For a few years in the 1980s, Michael Graves was Frank Gehry, Bjarke Ingels, and Zaha Hadid rolled into one: the biggest architectural celebrity of the day, a man whose work appeared to bridge the chasm that so often separates the architecture that excites the public from the architecture that is taken seriously by critics and scholars. Some of it was the drama of conversion: after a debut as one of the neo-Corbusian “Five Architects” in the early ’70s, he turned away from the approach of his confreres Peter Eisenman, Charles Gwathmey, Richard Meier, and John Hejduk and dove fully into the history-churned waters of post-modernism. He talked a lot about using classical form to make architecture understandable, but his style was less purely traditional than it was a highly personal mix of classicism and cubism. He was more interested in composition than in space, more attuned to color than to shape and proportion. Whatever you thought about Graves, there was no denying that he was an original voice in American architecture, and that structures like his Portland Building of 1982, his far superior Humana Building of 1985 and Denver Central Library of 1991, and his compelling, if mannered, interiors, tapped into a widely felt desire for an architecture that at once connected to tradition and felt exciting and new.
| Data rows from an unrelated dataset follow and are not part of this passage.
(* Let $X$ be a separable Banach space, let $(E'_j)$ be a $1$-norming FMD of $X$ with biorthogonal sequence $(F'_j)$. Then $(E'_j)$ can be blocked to an FMD $(E_n)$ such that $(E_n)$ and its biorthogonal sequence $(F_n)$ satisfy, for all $m\le n$ in $\mathbb N$ (with $E_0=\{0\}\subset X$, $F_0=\{0\}\subset X^*$): (1) for every $e^*\in(E_m+E_{m+1}+\dots+E_n)^*$ there is $x^*\in F_{m-1}+F_m+\dots+F_{n+1}$ with $x^*|_{E_m+\dots+E_n}=e^*$ and $\|x^*\|\le 2.5\|e^*\|$; (2) for every $f^*\in(F_m+F_{m+1}+\dots+F_n)^*$ there is $z\in E_{m-1}+E_m+\dots+E_{n+1}$ with $z|_{F_m+\dots+F_n}=f^*$ (i.e. $f(z)=f^*(f)$ for all $f\in F_m+\dots+F_n$) and $\|z\|\le 2.5\|f^*\|$; (3) for all $x^*\in F_m+\dots+F_n$: $\|x^*\|\le 2.5\sup\{|x^*(x)|: x\in E_{m-1}+E_m+\dots+E_{n+1},\|x\|\le1\}$; (4) for all $x\in E_m+\dots+E_n$: $\|x\|\le 2.5\sup\{|x^*(x)|: x^*\in F_{m-1}+F_m+\dots+F_{n+1},\|x^*\|\le1\}$.
   Context: A sequence $(E_k)$ of finite dimensional subspaces of $X$ is an FMD of $X$ if, with $F_k=\{f\in X^*: f|_{E_j}=0 \text{ for all } j\neq k\}$ (the biorthogonal sequence), (a) $\mathrm{span}(E_k)$ is dense in $X$, (b) $E_k\cap\overline{\mathrm{span}(E_j:j\ne k)}=\{0\}$ for every $k$, and (c) $(F_k)$ is total ($f(x)=0$ for all $f\in\bigcup_kF_k$ implies $x=0$). The FMD is $1$-norming if $\sup\{f(x): f\in\mathrm{span}(F_j:j\in\mathbb N),\|f\|\le1\}\ge\|x\|$ for all $x\in X$. A blocking of $(E'_j)$ is a sequence $E_k=\mathrm{span}(E'_j:n_{k-1}<j\le n_k)$ for some $0=n_0<n_1<n_2<\cdots$ in $\mathbb N$; it is again an FMD with biorthogonal sequence $F_k=\mathrm{span}(F'_j:n_{k-1}<j\le n_k)$. *)

theory Defs
  imports "HOL-Analysis.Analysis"
begin

(* Real Banach spaces; the dual X* is the type of bounded linear functionals
  'a =>L real.  Sequences of subspaces are indexed by nat, with meaningful
  indices k >= 1 (index 0 is reserved for the zero space E_0, F_0). *)

definition separable_space :: "'a::metric_space itself \<Rightarrow> bool" where
  "separable_space _ \<longleftrightarrow> (\<exists>D::'a set. countable D \<and> closure D = UNIV)"

definition fin_dim_subspace :: "'a::real_vector set \<Rightarrow> bool" where
  "fin_dim_subspace S \<longleftrightarrow> subspace S \<and> (\<exists>B. finite B \<and> S = span B)"

definition biorth :: "(nat \<Rightarrow> 'a::real_normed_vector set) \<Rightarrow> nat \<Rightarrow> ('a \<Rightarrow>\<^sub>L real) set" where
  "biorth E k = {f. \<forall>j\<ge>1. j \<noteq> k \<longrightarrow> (\<forall>x\<in>E j. blinfun_apply f x = 0)}"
And so it was, until it wasn’t. Graves’s star fell relatively quickly as postmodernism faded, with some of its adherents, like Robert A. M. Stern, moving toward a more literal form of historicism. Graves stayed the course, and his architecture was remarkably consistent throughout his career. What defined his middle years was not so much the buildings he produced—decent but unexciting—as the product design, a second career he developed, first for Alessi and then, most famously, for Target. And then there was Graves’s final chapter, after a tragic infection to the spinal cord left him paralyzed from the chest down. He, heroically, continued to work from his wheelchair, generating not only the exquisite drawings he was known for—drawings that were often more beautiful than the buildings they represented—but also embarking on yet another subcareer as he produced furniture and surgical products aimed specifically at the disabled. The artist/architect/designer ended his professional life as an activist for this latter audience.

His was a career made up of equal parts exhilaration and frustration, and it is perplexing to sum up. Ian Volner has worked conscientiously to do so in Michael Graves: Design for Life, the first biography of the architect, who died in 2015 at the age of 80. (Volner began the book with Graves’s cooperation, but finished after the architect’s death.) Volner is a sympathetic chronicler, and he is at his best when he recounts Graves’s early years as a young architect—when he once tricked his first wife into thinking he was taking her to a beach on the shore of Lake Michigan but was really on his way to see Frank Lloyd Wright’s Johnson Wax headquarters in Racine, Wisconsin. We get a picture of a man who was passionate, single-minded, ambitious, and work-obsessed, and at the same time could be thoughtful, charming, sardonic, and gentle. Volner shows us a Graves whose greatest joy was in working alone, making sketches and watercolors, and who at the same time would go to great lengths to exploit his celebrity. He craved the respect of the academy—he taught at Princeton for decades—and yet he mocked it constantly for being out of touch with the interests of ordinary people. He was devastated when the Whitney Museum, his most prestigious client, abandoned him after a third try at redesigning an aggressive expansion of the Whitney’s Marcel Breuer building won no more praise than his two previous versions. He produced many fine buildings, but arguably no truly great ones. Was Graves the most populist of elitists, or the most elitist of populists? I suspect that no one, including Ian Volner, can ever fully answer that.